Collected data entries
lemma quat_mult_commute_iff:
  assumes "1 \<le> n" and "x < 4*n" and "y < 4*n"
  shows "quat_mult n x y = quat_mult n y x \<longleftrightarrow>
    x = 0 \<or> x = n \<or> y = 0 \<or> y = n \<or> (x < 2*n \<and> y < 2*n) \<or>
    (2*n \<le> x \<and> 2*n \<le> y \<and> (x = y + n \<or> y = x + n \<or> x = y))"
  using assms mod_eq_if_less_three_times[of _ "2*n"]
  unfolding quat_mult_def quat_exp_def quat_sgn_def Let_def
  by (cases "x < 2*n"; cases "y < 2*n") (auto split: if_splits)

lemma commuting_adj_gen_quaternion_group:
  "1 \<le> n \<Longrightarrow> commuting_adj (gen_quaternion_group n) = quat_commuting n"
  unfolding commuting_adj_def gen_quaternion_group_def quat_commuting_def
  by (intro ext) (auto simp: quat_mult_commute_iff)

section \<open>A block triangular form of the Sombor matrix\<close>

locale quat_commuting_graph =
  fixes n :: nat
  assumes two_le_n: "2 \<le> n"
begin

abbreviation adj :: "nat \<Rightarrow> nat \<Rightarrow> bool" where
  "adj \<equiv> quat_commuting n"

definition deg :: "nat \<Rightarrow> nat" where
  "deg i = (if i = 0 \<or> i = n then 4*n - 1 else if i < 2*n then 2*n - 1 else 3)"

lemma graph_deg_eq:
  assumes i: "i < 4*n"
  shows "graph_deg (4*n) adj i = deg i"
proof -
  consider "i = 0 \<or> i = n" | "i \<noteq> 0 \<and> i \<noteq> n \<and> i < 2*n" | "2*n \<le> i \<and> i < 3*n" | "3*n \<le> i"
    using i by linarith
  then show ?thesis
  proof cases
    case 1
    then have "{j. j < 4*n \<and> adj i j} = {0..<4*n} - {i}"
      using i two_le_n unfolding quat_commuting_def by auto
    then show ?thesis using 1 i unfolding graph_deg_def deg_def by auto
  next
    case 2
    then have "{j. j < 4*n \<and> adj i j} = {0..<2*n} - {i}"
      using i two_le_n unfolding quat_commuting_def by auto
    then show ?thesis using 2 i unfolding graph_deg_def deg_def by auto
  next
    case 3
    then have "{j. j < 4*n \<and> adj i j} = {0, n, i + n}"
      using i two_le_n unfolding quat_commuting_def by auto
    then show ?thesis using 3 i two_le_n unfolding graph_deg_def deg_def by auto
  next
    case 4
    then have "{j. j < 4*n \<and> adj i j} = {0, n, i - n}"
      using i two_le_n unfolding quat_commuting_def by auto
    then show ?thesis using 4 i two_le_n unfolding graph_deg_def deg_def by auto
  qed
qed

definition weight :: "nat \<Rightarrow> nat \<Rightarrow> real" where
  "weight i j = sqrt ((real (deg i))^2 + (real (deg j))^2)"
text \<open>Permutations of \<open>{1..n}\<close> correspond bijectively to arrangements of \<open>{1..n}\<close>; since
  both sets have \<open>n!\<close> elements, injectivity suffices.\<close>

lemma bij_betw_perm_word:
  "bij_betw (perm_word n) {\<pi>. \<pi> permutes {1..n}} (permutations_of_set (int ` {1..n}))"
proof -
  let ?S = "{\<pi>. \<pi> permutes {1..n}}" and ?T = "permutations_of_set (int ` {1..n})"
  have inj: "inj_on (perm_word n) ?S"
  proof (rule inj_onI)
    fix p q assume p: "p \<in> ?S" and q: "q \<in> ?S" and eq: "perm_word n p = perm_word n q"
    show "p = q"
    proof
      fix i show "p i = q i"
      proof (cases "i \<in> {1..n}")
        case True
        then have "perm_word n p ! (i - 1) = int (p i)" "perm_word n q ! (i - 1) = int (q i)"
          using nth_perm_word[of "i - 1" n] by auto
        then show ?thesis using eq by simp
      next
        case False
        then show ?thesis using p q by (simp add: permutes_not_in)
      qed
    qed
  qed
  have sub: "perm_word n ` ?S \<subseteq> ?T"
  proof clarify
    fix p assume p: "p permutes {1..n}"
    have "inj_on (\<lambda>i. int (p i)) {1..<n+1}"
      using permutes_inj_on[OF p] by (auto simp: inj_on_def atLeastLessThanSuc_atLeastAtMost)
    moreover have "int ` p ` {1..n} = int ` {1..n}" using permutes_image[OF p] by simp
    ultimately show "perm_word n p \<in> ?T"
      by (auto simp: perm_word_def distinct_map atLeastLessThanSuc_atLeastAtMost image_image
               simp del: upt_Suc)
  qed
  have "card (perm_word n ` ?S) = card ?T"
    using inj by (simp add: card_image card_permutations)
  then have "perm_word n ` ?S = ?T"
    using sub by (intro card_subset_eq) auto
  then show ?thesis using inj by (simp add: bij_betw_def)
qed

lemma altEulerian_eq_alt_seq: "altEulerian n t = t * alt_seq t n"
proof -
  have "altEulerian n t = (\<Sum>\<pi>\<in>{\<pi>. \<pi> permutes {1..n}}. t * t ^ alt_des_list True (perm_word n \<pi>))"
    unfolding altEulerian_def by (simp add: altdes_eq_alt_des_list)
  also have "\<dots> = (\<Sum>xs\<in>permutations_of_set (int ` {1..n}). t * t ^ alt_des_list True xs)"
    by (rule sum.reindex_bij_betw[OF bij_betw_perm_word])
  also have "\<dots> = t * alt_poly t (int ` {1..n})"
    by (simp add: alt_poly_def sum_distrib_left)
  also have "\<dots> = t * alt_seq t n"
    by (simp add: alt_poly_eq_alt_seq card_image)
  finally show ?thesis .
qed


section \<open>The differential equation for the exponential generating function\<close>

unbundle fps_syntax

text \<open>The reflection \<open>G(x) \<mapsto> G(-x)\<close>; it separates the even- and odd-indexed coefficients
  of the recursion for \<open>alt_seq\<close>.\<close>

definition fps_reflect :: "'a::comm_ring_1 fps \<Rightarrow> 'a fps" where
  "fps_reflect a = Abs_fps (\<lambda>n. (-1) ^ n * a $ n)"

lemma fps_reflect_nth [simp]: "fps_reflect a $ n = (-1) ^ n * a $ n"
  by (simp add: fps_reflect_def)

lemma fps_reflect_mult: "fps_reflect (a * b) = fps_reflect a * fps_reflect b"
proof (rule fps_ext)
  fix n
  have "fps_reflect (a * b) $ n = (\<Sum>i=0..n. (-1) ^ n * (a $ i * b $ (n - i)))"
    by (simp add: fps_mult_nth sum_distrib_left)
  also have "\<dots> = (\<Sum>i=0..n. ((-1) ^ i * a $ i) * ((-1) ^ (n - i) * b $ (n - i)))"
  proof (intro sum.cong refl)
    fix i assume "i \<in> {0..n}"
    then have "(-1 :: 'a) ^ n = (-1) ^ i * (-1) ^ (n - i)" by (simp flip: power_add)
    then show "(-1) ^ n * (a $ i * b $ (n - i)) = ((-1) ^ i * a $ i) * ((-1) ^ (n - i) * b $ (n - i))"
      by (simp add: mult_ac)
  qed
  also have "\<dots> = (fps_reflect a * fps_reflect b) $ n" by (simp add: fps_mult_nth)
  finally show "fps_reflect (a * b) $ n = (fps_reflect a * fps_reflect b) $ n" .
qed

lemma fps_reflect_add: "fps_reflect (a + b) = fps_reflect a + fps_reflect b"
  by (rule fps_ext) (simp add: algebra_simps)

lemma fps_reflect_diff: "fps_reflect (a - b) = fps_reflect a - fps_reflect b"
  by (rule fps_ext) (simp add: algebra_simps)

lemma fps_reflect_const: "fps_reflect (fps_const c) = fps_const c"
  by (rule fps_ext) simp

lemma fps_reflect_one: "fps_reflect 1 = 1"
  by (rule fps_ext) simp

lemma fps_reflect_cos: "fps_reflect (fps_cos c) = fps_cos c"
  by (rule fps_ext) (auto simp: fps_cos_def)

lemma fps_reflect_sin: "fps_reflect (fps_sin c) = - fps_sin c"
  by (rule fps_ext) (auto simp: fps_sin_def)

definition alt_riccati :: "'a::field_char_0 \<Rightarrow> 'a fps \<Rightarrow> bool" where
  "alt_riccati t G \<longleftrightarrow> 2 * fps_const t * fps_deriv G =
     (G - fps_reflect G) * (G - (1 - fps_const t)) + fps_const t ^ 2 * (G + fps_reflect G) * G"
(* Let $n\geq3$. Then $\Gamma_2(B_n(\mathbb{K}))=\Gamma_i(B_n(\mathbb{K}))$ for all $i\geq3$, and this subgroup equals the normal closure of $\sigma_2^{-1}\sigma_1$ in $B_n(\mathbb{K})$; it is nontrivial, so $B_n(\mathbb{K})$ is not residually nilpotent.
   Context: $\mathbb{K}$ is the Klein bottle. $B_n(\mathbb{K})$ has the presentation with generators $a,b,\sigma_1,\ldots,\sigma_{n-1}$ and relations: $\sigma_i\sigma_{i+1}\sigma_i=\sigma_{i+1}\sigma_i\sigma_{i+1}$; $\sigma_j\sigma_i=\sigma_i\sigma_j$ if $|i-j|\geq2$; $a\sigma_j=\sigma_ja$ and $b\sigma_j=\sigma_jb$ for $j\geq2$; $b^{-1}\sigma_1a=\sigma_1a\sigma_1b^{-1}\sigma_1$; $a(\sigma_1a\sigma_1)=(\sigma_1a\sigma_1)a$; $b(\sigma_1^{-1}b\sigma_1)=(\sigma_1^{-1}b\sigma_1^{-1})b$; $\sigma_1\cdots\sigma_{n-2}\sigma_{n-1}^2\sigma_{n-2}\cdots\sigma_1=ba^{-1}b^{-1}a^{-1}$. $\Gamma_1=G$, $\Gamma_{i+1}=[\Gamma_i,G]$. *)

theory Defs
  imports "HOL-Algebra.Algebra"
begin

text \<open>A letter is a pair (generator, flag); flag True means the inverse of the generator.\<close>
type_synonym 'g word = "('g \<times> bool) list"

definition winv :: "'g word \<Rightarrow> 'g word" where
  "winv w = rev (map (\<lambda>(g, b). (g, \<not> b)) w)"

inductive pres_eq :: "'g word set \<Rightarrow> 'g word \<Rightarrow> 'g word \<Rightarrow> bool" for R where
  refl: "pres_eq R w w"
| sym: "pres_eq R u v \<Longrightarrow> pres_eq R v u"
| trans: "pres_eq R u v \<Longrightarrow> pres_eq R v w \<Longrightarrow> pres_eq R u w"
| cancel: "pres_eq R (u @ [(g, b), (g, \<not> b)] @ v) (u @ v)"
| relator: "r \<in> R \<Longrightarrow> pres_eq R (u @ r @ v) (u @ v)"

definition pclass :: "'g word set \<Rightarrow> 'g word \<Rightarrow> 'g word set" where
  "pclass R w = {v. pres_eq R w v}"

definition presented_group :: "'g set \<Rightarrow> 'g word set \<Rightarrow> ('g word set) monoid" where
  "presented_group S R =
     \<lparr> carrier = {pclass R w | w. set w \<subseteq> S \<times> UNIV},
       monoid.mult = (\<lambda>P Q. pclass R ((SOME p. p \<in> P) @ (SOME q. q \<in> Q))),
       monoid.one = pclass R [] \<rparr>"

datatype kgen = GA | GB | GS nat

abbreviation (input) la :: "kgen word" where "la \<equiv> [(GA, False)]"
abbreviation (input) lai :: "kgen word" where "lai \<equiv> [(GA, True)]"
abbreviation (input) lb :: "kgen word" where "lb \<equiv> [(GB, False)]"
abbreviation (input) lbi :: "kgen word" where "lbi \<equiv> [(GB, True)]"
abbreviation (input) ls :: "nat \<Rightarrow> kgen word" where "ls i \<equiv> [(GS i, False)]"
abbreviation (input) lsi :: "nat \<Rightarrow> kgen word" where "lsi i \<equiv> [(GS i, True)]"

text \<open>The relation u = v as the relator u v^{-1}.\<close>
definition eqrel :: "'g word \<Rightarrow> 'g word \<Rightarrow> 'g word" where
  "eqrel u v = u @ winv v"

definition kgens :: "nat \<Rightarrow> kgen set" where
  "kgens n = {GA, GB} \<union> {GS i | i. 1 \<le> i \<and> i \<le> n - 1}"

definition krels :: "nat \<Rightarrow> kgen word set" where
  "krels n =
     {eqrel (ls i @ ls (i+1) @ ls i) (ls (i+1) @ ls i @ ls (i+1)) | i. 1 \<le> i \<and> i \<le> n - 2}
   \<union> {eqrel (ls j @ ls i) (ls i @ ls j) | i j. 1 \<le> i \<and> i \<le> n - 1 \<and> 1 \<le> j \<and> j \<le> n - 1
         \<and> (i + 2 \<le> j \<or> j + 2 \<le> i)}
   \<union> {eqrel (la @ ls j) (ls j @ la) | j. 2 \<le> j \<and> j \<le> n - 1}
   \<union> {eqrel (lb @ ls j) (ls j @ lb) | j. 2 \<le> j \<and> j \<le> n - 1}
   \<union> {eqrel (lbi @ ls 1 @ la) (ls 1 @ la @ ls 1 @ lbi @ ls 1),
      eqrel (la @ ls 1 @ la @ ls 1) (ls 1 @ la @ ls 1 @ la),
      eqrel (lb @ lsi 1 @ lb @ ls 1) (lsi 1 @ lb @ lsi 1 @ lb),
      eqrel (concat (map ls [1..<n]) @ rev (concat (map ls [1..<n])))
            (lb @ lai @ lbi @ lai)}"

definition braid_K :: "nat \<Rightarrow> (kgen word set) monoid" where
  "braid_K n = presented_group (kgens n) (krels n)"

definition sigma_K :: "nat \<Rightarrow> nat \<Rightarrow> kgen word set" where
  "sigma_K n i = pclass (krels n) (ls i)"

definition comm_subgroup :: "('a, 'b) monoid_scheme \<Rightarrow> 'a set \<Rightarrow> 'a set \<Rightarrow> 'a set" where
  "comm_subgroup G H K =
     generate G {h \<otimes>\<^bsub>G\<^esub> k \<otimes>\<^bsub>G\<^esub> inv\<^bsub>G\<^esub> h \<otimes>\<^bsub>G\<^esub> inv\<^bsub>G\<^esub> k | h k. h \<in> H \<and> k \<in> K}"

primrec lcs :: "('a, 'b) monoid_scheme \<Rightarrow> nat \<Rightarrow> 'a set" where
  "lcs G 0 = carrier G"
| "lcs G (Suc i) = comm_subgroup G (lcs G i) (carrier G)"

text \<open>Gamma_i with the paper's indexing: Gamma_1 = G, Gamma_{i+1} = [Gamma_i, G].\<close>
definition Gamma :: "('a, 'b) monoid_scheme \<Rightarrow> nat \<Rightarrow> 'a set" where
  "Gamma G i = lcs G (i - 1)"

definition normal_closure :: "('a, 'b) monoid_scheme \<Rightarrow> 'a set \<Rightarrow> 'a set" where
  "normal_closure G Y = generate G {u \<otimes>\<^bsub>G\<^esub> y \<otimes>\<^bsub>G\<^esub> inv\<^bsub>G\<^esub> u | u y. u \<in> carrier G \<and> y \<in> Y}"

definition residually_nilpotent :: "('a, 'b) monoid_scheme \<Rightarrow> bool" where
  "residually_nilpotent G \<longleftrightarrow> (\<Inter>i\<in>{1..}. Gamma G i) = {one G}"

end

theory Submission
  imports Defs
begin

text \<open>Write \<open>c = \<sigma>\<^sub>2\<inverse> \<sigma>\<^sub>1\<close> and let \<open>N\<close> be its normal closure. The braid relation
  between \<open>\<sigma>\<^sub>1\<close> and \<open>\<sigma>\<^sub>2\<close> alone puts \<open>c\<close>, hence \<open>N\<close>, into \<open>\<Gamma>\<^sub>3\<close>. Conversely, in any
  quotient in which \<open>\<sigma>\<^sub>1 = \<sigma>\<^sub>2\<close> the braid and commutation relations identify all
  \<open>\<sigma>\<^sub>i\<close>, and the two relations involving \<open>a\<close> and \<open>b\<close> then force \<open>a b = b a\<close>; so
  \<open>B\<^sub>n(\<bbbK>)/N\<close> is abelian and \<open>\<Gamma>\<^sub>2 \<subseteq> N \<subseteq> \<Gamma>\<^sub>3 \<subseteq> \<Gamma>\<^sub>2\<close>, after which the lower central
  series is constant. Finally \<open>c \<noteq> 1\<close>: sending \<open>\<sigma>\<^sub>i\<close> to the transposition \<open>(i i+1)\<close>
  and \<open>a\<close>, \<open>b\<close> to the identity respects every relation and maps \<open>c\<close> to a 3-cycle.\<close>

section \<open>Presented groups\<close>

lemma pres_eq_append_cong:
  "pres_eq R u v \<Longrightarrow> pres_eq R (x @ u @ y) (x @ v @ y)"
proof (induction rule: pres_eq.induct)
  case (trans u v w)
  then show ?case by (metis pres_eq.trans)
next
  case (cancel u g b v)
  then show ?case using pres_eq.cancel[of R "x @ u" g b "v @ y"] by simp
next
  case (relator r u v)
  then show ?case using pres_eq.relator[of r R "x @ u" "v @ y"] by simp
qed (auto intro: pres_eq.refl pres_eq.sym)

lemma pres_eq_append:
  "pres_eq R u u' \<Longrightarrow> pres_eq R v v' \<Longrightarrow> pres_eq R (u @ v) (u' @ v')"
  using pres_eq_append_cong[of R u u' "[]" v] pres_eq_append_cong[of R v v' u' "[]"]
  by (metis append.right_neutral append_Nil pres_eq.trans)

lemma pres_eq_winv_append: "pres_eq R (winv w @ w) []"
proof (induction w)
  case Nil
  then show ?case by (simp add: winv_def pres_eq.refl)
next
  case (Cons l w)
  obtain g b where l: "l = (g, b)" by fastforce
  have "pres_eq R (winv w @ [(g, \<not> b), (g, \<not>\<not> b)] @ w) (winv w @ w)"
    by (rule pres_eq.cancel)
  moreover have "winv (l # w) @ l # w = winv w @ [(g, \<not> b), (g, \<not>\<not> b)] @ w"
    by (simp add: winv_def l)
  ultimately show ?case using Cons by (metis pres_eq.trans)
qed

lemma pclass_eq_iff: "pclass R u = pclass R v \<longleftrightarrow> pres_eq R u v"
proof
  assume "pclass R u = pclass R v"
  then show "pres_eq R u v" by (simp add: pclass_def set_eq_iff pres_eq.refl)
next
  assume "pres_eq R u v"
  then show "pclass R u = pclass R v"
    unfolding pclass_def by (auto intro: pres_eq.trans pres_eq.sym)
qed

lemma pres_eq_some_pclass: "pres_eq R w (SOME v. v \<in> pclass R w)"
proof -
  have "w \<in> pclass R w" by (simp add: pclass_def pres_eq.refl)
  then have "(SOME v. v \<in> pclass R w) \<in> pclass R w" by (rule someI)
  then show ?thesis by (simp add: pclass_def)
qed

lemma presented_group_mult:
  "pclass R u \<otimes>\<^bsub>presented_group S R\<^esub> pclass R v = pclass R (u @ v)"
  unfolding presented_group_def
  by (simp add: pclass_eq_iff) (metis pres_eq_append pres_eq_some_pclass pres_eq.sym)

lemma presented_group_one: "\<one>\<^bsub>presented_group S R\<^esub> = pclass R []"
  by (simp add: presented_group_def)

lemma carrier_presented_group:
  "carrier (presented_group S R) = {pclass R w | w. set w \<subseteq> S \<times> UNIV}"
  by (simp add: presented_group_def)

lemma group_presented_group: "group (presented_group S R)"
proof (rule groupI)
  fix x y
  assume "x \<in> carrier (presented_group S R)" "y \<in> carrier (presented_group S R)"
  then show "x \<otimes>\<^bsub>presented_group S R\<^esub> y \<in> carrier (presented_group S R)"
    by (auto simp: carrier_presented_group presented_group_mult) (metis Un_subset_iff set_append)
next
  fix x assume "x \<in> carrier (presented_group S R)"
  then obtain w where w: "x = pclass R w" "set w \<subseteq> S \<times> UNIV"
    by (auto simp: carrier_presented_group)
  have "set (winv w) \<subseteq> S \<times> UNIV"
    using w(2) by (auto simp: winv_def)
  moreover have "pclass R (winv w) \<otimes>\<^bsub>presented_group S R\<^esub> x = \<one>\<^bsub>presented_group S R\<^esub>"
    by (simp add: w presented_group_mult presented_group_one pclass_eq_iff pres_eq_winv_append)
  ultimately show "\<exists>y\<in>carrier (presented_group S R). y \<otimes>\<^bsub>presented_group S R\<^esub> x = \<one>\<^bsub>presented_group S R\<^esub>"
    by (auto simp: carrier_presented_group)
qed (auto simp: carrier_presented_group presented_group_mult presented_group_one)

lemma pclass_letter_closed:
  "g \<in> S \<Longrightarrow> pclass R [(g, b)] \<in> carrier (presented_group S R)"
  by (auto simp: carrier_presented_group intro!: exI[of _ "[(g, b)]"])

lemma pclass_inverse_letter:
  assumes "g \<in> S"
  shows "pclass R [(g, True)] = inv\<^bsub>presented_group S R\<^esub> pclass R [(g, False)]"
proof -
  interpret group "presented_group S R" by (rule group_presented_group)
  have "pclass R [(g, True)] \<otimes>\<^bsub>presented_group S R\<^esub> pclass R [(g, False)] = \<one>\<^bsub>presented_group S R\<^esub>"
    using pres_eq.cancel[of R "[]" g True "[]"]
    by (simp add: presented_group_mult presented_group_one pclass_eq_iff)
  then show ?thesis
    using inv_equality pclass_letter_closed[OF assms] by metis
qed

lemma pclass_eqrel:
  assumes "eqrel u v \<in> R"
  shows "pclass R u = pclass R v"
proof -
  have "pres_eq R ((u @ winv v) @ v) v"
    using pres_eq_append[OF pres_eq.relator[of "eqrel u v" R "[]" "[]"] pres_eq.refl[of R v]] assms
    by (simp add: eqrel_def)
  moreover have "pres_eq R (u @ winv v @ v) u"
    using pres_eq_append[OF pres_eq.refl[of R u] pres_eq_winv_append[of R v]] by simp
  ultimately show ?thesis
    by (simp add: pclass_eq_iff) (metis pres_eq.sym pres_eq.trans)
qed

▸ **HOW TO COMPLETE THIS TASK**
Only the lines from the one with "using pres_eq_append[OF pres_eq.refl[of" through the last line of the records belong in the answer, each copied exactly.

▸ **RESULT BELOW**
    using pres_eq_append[OF pres_eq.refl[of R u] pres_eq_winv_append[of R v]] by simp
  ultimately show ?thesis
    by (simp add: pclass_eq_iff) (metis pres_eq.sym pres_eq.trans)
qed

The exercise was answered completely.